Of course, it starts getting a little shaky when you try to justify the rogue being able to sneak attack a swarm...


----------



## Mort_Q (May 25, 2008)

Dausuul said:
			
		

> Of course, it starts getting a little shaky when you try to justify the rogue being able to sneak attack a swarm...




Nasty buggers... it's all about precision, patience, and quick reflexes.... wait for it.... wait for it... NOW...

The dagger flashes into the whirling maelstrom of X and comes back out with a respectable specimen impaled on its tip.  

That's one!  Far too many to go.  Where's that blasted Wizard?


----------



## Doug McCrae (May 25, 2008)

Lizard said:
			
		

> Over on RPG.net, we've got someone claiming the 4e rules are a "return to common sense" because he thinks you're expected to overrule the rules like this. In other words, he's claiming the designers wrote broken/incomplete rules in order to "empower the DM".



Old school.


----------



## Duelpersonality (May 25, 2008)

Dausuul said:
			
		

> Of course, it starts getting a little shaky when you try to justify the rogue being able to sneak attack a swarm...
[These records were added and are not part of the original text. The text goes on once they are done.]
(* Let $S_f=\{f_i\ge0: i=1,\ldots,m\}$ be an inequality set in $\mathbf{x}=(x_1,\ldots,x_n)$. Let $I\subseteq\{1,\ldots,m\}$ be the set of indices $k$ such that $f_k=0$ is an implied equality of $S_f$, let $E=\{f_k=0: k\in I\}$, and let $\widetilde{E}=\{x_{k_i}-U_i=0: i=1,\ldots,\tilde n\}$ be the Gauss–Jordan reduced form of $E$ with respect to the variable order $x_1\prec\cdots\prec x_n$. Let $R_f$ be the set of nonzero polynomials among those obtained from $f_j$, $j\in\{1,\ldots,m\}\setminus I$, by substituting $U_i$ for $x_{k_i}$ for every $i=1,\ldots,\tilde n$. Then the inequality set $\{g\ge 0: g\in R_f\}$ is a pure inequality set.
   Context: An inequality set is a finite set $S=\{f_i\ge 0: i=1,\ldots,m\}$ with each $f_i$ a nonzero homogeneous linear polynomial in $\mathbf{x}$ with real coefficients; its solutions are the points of $\mathbb{R}^n$ satisfying all inequalities. The equality $f_k=0$ is an implied equality of $S$ if $f_k(\mathbf{x})=0$ for every solution $\mathbf{x}$ of $S$; $S$ is pure if it has no implied equalities. For a finite system $E$ of homogeneous linear equations in $\mathbf{x}$ of rank $\tilde n$, its Gauss–Jordan reduced form (reduced row echelon form) with respect to the order $x_1\prec\cdots\prec x_n$ is the unique equivalent system $\{x_{k_i}-U_i=0: i=1,\ldots,\tilde n\}$ with $k_1<\cdots<k_{\tilde n}$, where each $U_i$ is a real linear combination of the non-pivot variables $x_j$, $j\notin\{k_1,\ldots,k_{\tilde n}\}$, $j>k_i$. *)

theory Defs
  imports Complex_Main
begin

text \<open>A homogeneous linear form in x_0,...,x_{n-1} is represented by its coefficient
  function c :: nat => real (only coefficients below n matter). Variables are
  0-indexed: x_j for j < n, with the order x_0 < x_1 < ... < x_{n-1}.\<close>

definition lin :: "nat \<Rightarrow> (nat \<Rightarrow> real) \<Rightarrow> (nat \<Rightarrow> real) \<Rightarrow> real" where
  "lin n c x = (\<Sum>j<n. c j * x j)"

definition nonzero_form :: "nat \<Rightarrow> (nat \<Rightarrow> real) \<Rightarrow> bool" where
  "nonzero_form n c \<longleftrightarrow> (\<exists>j<n. c j \<noteq> 0)"

definition sols :: "nat \<Rightarrow> (nat \<Rightarrow> real) set \<Rightarrow> (nat \<Rightarrow> real) set" where
  "sols n F = {x. \<forall>c\<in>F. lin n c x \<ge> 0}"

definition implied_eq :: "nat \<Rightarrow> (nat \<Rightarrow> real) set \<Rightarrow> (nat \<Rightarrow> real) \<Rightarrow> bool" where
  "implied_eq n F c \<longleftrightarrow> (\<forall>x\<in>sols n F. lin n c x = 0)"

definition pure :: "nat \<Rightarrow> (nat \<Rightarrow> real) set \<Rightarrow> bool" where
  "pure n F \<longleftrightarrow> (\<forall>c\<in>F. \<not> implied_eq n F c)"

definition gauss_jordan_form ::
  "nat \<Rightarrow> (nat \<Rightarrow> real) set \<Rightarrow> nat \<Rightarrow> (nat \<Rightarrow> nat) \<Rightarrow> (nat \<Rightarrow> nat \<Rightarrow> real) \<Rightarrow> bool" where
  "gauss_jordan_form n E r k U \<longleftrightarrow>
     (\<forall>i<r. k i < n) \<and>
     (\<forall>i j. i < j \<and> j < r \<longrightarrow> k i < k j) \<and>
     (\<forall>i<r. \<forall>j. U i j \<noteq> 0 \<longrightarrow> j < n \<and> j \<notin> k ` {..<r} \<and> k i < j) \<and>
     (\<forall>x. (\<forall>e\<in>E. lin n e x = 0) \<longleftrightarrow> (\<forall>i<r. x (k i) - lin n (U i) x = 0))"

definition subst_form ::
  "nat \<Rightarrow> nat \<Rightarrow> (nat \<Rightarrow> nat) \<Rightarrow> (nat \<Rightarrow> nat \<Rightarrow> real) \<Rightarrow> (nat \<Rightarrow> real) \<Rightarrow> (nat \<Rightarrow> real)" where
  "subst_form n r k U c = (\<lambda>j. if j < n \<and> j \<notin> k ` {..<r}
       then c j + (\<Sum>i<r. c (k i) * U i j) else 0)"

end

theory Submission
  imports Defs
begin

text \<open>On the solutions of S_f every implied equality holds, hence so do the Gauss-Jordan
  equations x_{k_i} = U_i, and substituting U_i for x_{k_i} does not change the value of any
  form there. So every solution of S_f solves R_f, and a solution of S_f on which f_j does
  not vanish (one exists because f_j = 0 is not implied) is a solution of R_f on which the
  substituted form g does not vanish either.\<close>

lemma pure_if_agrees_with_non_implied:
  assumes agree: "\<forall>g\<in>G. \<exists>c\<in>F. \<not> implied_eq n F c \<and> (\<forall>x\<in>sols n F. lin n g x = lin n c x)"
  shows "pure n G"
  unfolding pure_def
proof
  have sols_subset: "sols n F \<subseteq> sols n G"
    using agree unfolding sols_def by fastforce
  fix g assume "g \<in> G"
  then obtain c where "c \<in> F" and c_not_implied: "\<not> implied_eq n F c"
    and c_agrees: "\<forall>x\<in>sols n F. lin n g x = lin n c x"
    using agree by blast
  from c_not_implied obtain x where x: "x \<in> sols n F" and "lin n c x \<noteq> 0"
    unfolding implied_eq_def by blast
  then have "lin n g x \<noteq> 0" using c_agrees by simp
  with x sols_subset show "\<not> implied_eq n G g"
    unfolding implied_eq_def by blast
qed

lemma lin_subst_form:
  assumes inj: "inj_on k {..<r}" and pivots: "k ` {..<r} \<subseteq> {..<n}"
    and U_support: "\<And>i j. i < r \<Longrightarrow> U i j \<noteq> 0 \<Longrightarrow> j < n \<and> j \<notin> k ` {..<r}"
    and pivot_eqs: "\<And>i. i < r \<Longrightarrow> x (k i) = lin n (U i) x"
  shows "lin n (subst_form n r k U c) x = lin n c x"
proof -
  let ?K = "k ` {..<r}"
  have U_free: "(\<Sum>j\<in>{..<n} - ?K. U i j * x j) = x (k i)" if "i < r" for i
  proof -
    have "(\<Sum>j\<in>{..<n} - ?K. U i j * x j) = (\<Sum>j<n. U i j * x j)"
      by (rule sum.mono_neutral_left) (use U_support that in auto)
    then show ?thesis using pivot_eqs that unfolding lin_def by simp
  qed
  have "lin n (subst_form n r k U c) x
      = (\<Sum>j\<in>{..<n} - ?K. (c j + (\<Sum>i<r. c (k i) * U i j)) * x j)"
    unfolding lin_def subst_form_def by (rule sum.mono_neutral_cong_right) auto
  also have "\<dots> = (\<Sum>j\<in>{..<n} - ?K. c j * x j)
      + (\<Sum>j\<in>{..<n} - ?K. \<Sum>i<r. c (k i) * (U i j * x j))"
    by (simp add: sum.distrib distrib_right sum_distrib_right mult.assoc)
  also have "(\<Sum>j\<in>{..<n} - ?K. \<Sum>i<r. c (k i) * (U i j * x j))
      = (\<Sum>i<r. c (k i) * (\<Sum>j\<in>{..<n} - ?K. U i j * x j))"
    by (simp add: sum.swap[of _ "{..<r}"] sum_distrib_left)
  also have "\<dots> = (\<Sum>i<r. c (k i) * x (k i))"
    using U_free by simp
  also have "\<dots> = (\<Sum>j\<in>?K. c j * x j)"
    using sum.reindex[OF inj, of "\<lambda>j. c j * x j"] by simp
  also have "(\<Sum>j\<in>{..<n} - ?K. c j * x j) + (\<Sum>j\<in>?K. c j * x j) = (\<Sum>j<n. c j * x j)"
    using sum.subset_diff[OF pivots, of "\<lambda>j. c j * x j"] by simp
  finally show ?thesis unfolding lin_def .
qed

lemma gauss_jordan_form_lin_subst_form:
  assumes gj: "gauss_jordan_form n E r k U" and x: "\<forall>e\<in>E. lin n e x = 0"
  shows "lin n (subst_form n r k U c) x = lin n c x"
proof (rule lin_subst_form)
  have "strict_mono_on {..<r} k"
    using gj unfolding gauss_jordan_form_def by (auto intro: strict_mono_onI)
  then show "inj_on k {..<r}"
    by (rule strict_mono_on_imp_inj_on)
  show "k ` {..<r} \<subseteq> {..<n}"
    using gj unfolding gauss_jordan_form_def by auto
  show "\<And>i j. i < r \<Longrightarrow> U i j \<noteq> 0 \<Longrightarrow> j < n \<and> j \<notin> k ` {..<r}"
    using gj unfolding gauss_jordan_form_def by blast
  show "\<And>i. i < r \<Longrightarrow> x (k i) = lin n (U i) x"
    using gj x unfolding gauss_jordan_form_def by auto
qed

theorem theorem5:
  fixes n m r :: nat and f :: "nat \<Rightarrow> nat \<Rightarrow> real"
    and k :: "nat \<Rightarrow> nat" and U :: "nat \<Rightarrow> nat \<Rightarrow> real" and I :: "nat set"
  assumes nz: "\<forall>i<m. nonzero_form n (f i)"
    and I_def: "I = {i. i < m \<and> implied_eq n (f ` {..<m}) (f i)}"
    and gj: "gauss_jordan_form n (f ` I) r k U"
  shows "pure n {g. \<exists>j\<in>{..<m} - I. g = subst_form n r k U (f j) \<and> nonzero_form n g}"
proof (rule pure_if_agrees_with_non_implied, safe)
  fix j assume j: "j < m" "j \<notin> I"
  have "lin n (subst_form n r k U (f j)) x = lin n (f j) x"
    if "x \<in> sols n (f ` {..<m})" for x
  proof (rule gauss_jordan_form_lin_subst_form[OF gj])
    show "\<forall>e\<in>f ` I. lin n e x = 0"
      using that I_def unfolding implied_eq_def by auto
  qed
  moreover have "\<not> implied_eq n (f ` {..<m}) (f j)"
    using j I_def by auto
  ultimately show "\<exists>c\<in>f ` {..<m}. \<not> implied_eq n (f ` {..<m}) c \<and>
      (\<forall>x\<in>sols n (f ` {..<m}). lin n (subst_form n r k U (f j)) x = lin n c x)"
    using j by blast
qed

end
Here's a bit of a question:  a rogue's sneak attack comes on a melee or ranged attack, so does the SA damage also get cut in half?


----------



## keterys (May 25, 2008)

Indeed it'd be halved... clearly, though, he's darting in and stabbing repeatedly into a ton of them that are facing the other way.


----------



## robertliguori (May 25, 2008)

Vermonter said:
			
		

> Interesting discussion.  I have a few reactions, but these are just thoughts as I have no basis for backing them up.
> 
> 1 - Auras - Folks are acting like aura effects stack, but based on the logic in the rest of the game I highly doubt it.  The way these are written is confusing, but I'd expect that only one swarm could attack a character at the start of that character's turn, no matter how many are present.
> 2 - Ongoing Effects - My understanding is that the same source of an effect does not typically stack.  In addition, new effects of the same type do not stack.  I'd expect that essentially untyped is indeed a type for this purpose.
> ...




So, take a monster Foo with a Foo aura that inflicts 1d6 damage and 5 Foo damage (save ends).  Take a Bar monster, with a Bar aura.  Assuming that Foo and Bar are equivalent in rarity and resistability, the monsters Foo and Bar should be equivalently XP'd.  However, an encounter that has a Foo and a Bar will be much harder than just a Foo or just a Bar.  This bodes ill for the vaunted XP system's predictive capacity.


----------



## Hussar (May 25, 2008)

robertliguori said:
			
		

> So, take a monster Foo with a Foo aura that inflicts 1d6 damage and 5 Foo damage (save ends).  Take a Bar monster, with a Bar aura.  Assuming that Foo and Bar are equivalent in rarity and resistability, the monsters Foo and Bar should be equivalently XP'd.  However, an encounter that has a Foo and a Bar will be much harder than just a Foo or just a Bar.  This bodes ill for the vaunted XP system's predictive capacity.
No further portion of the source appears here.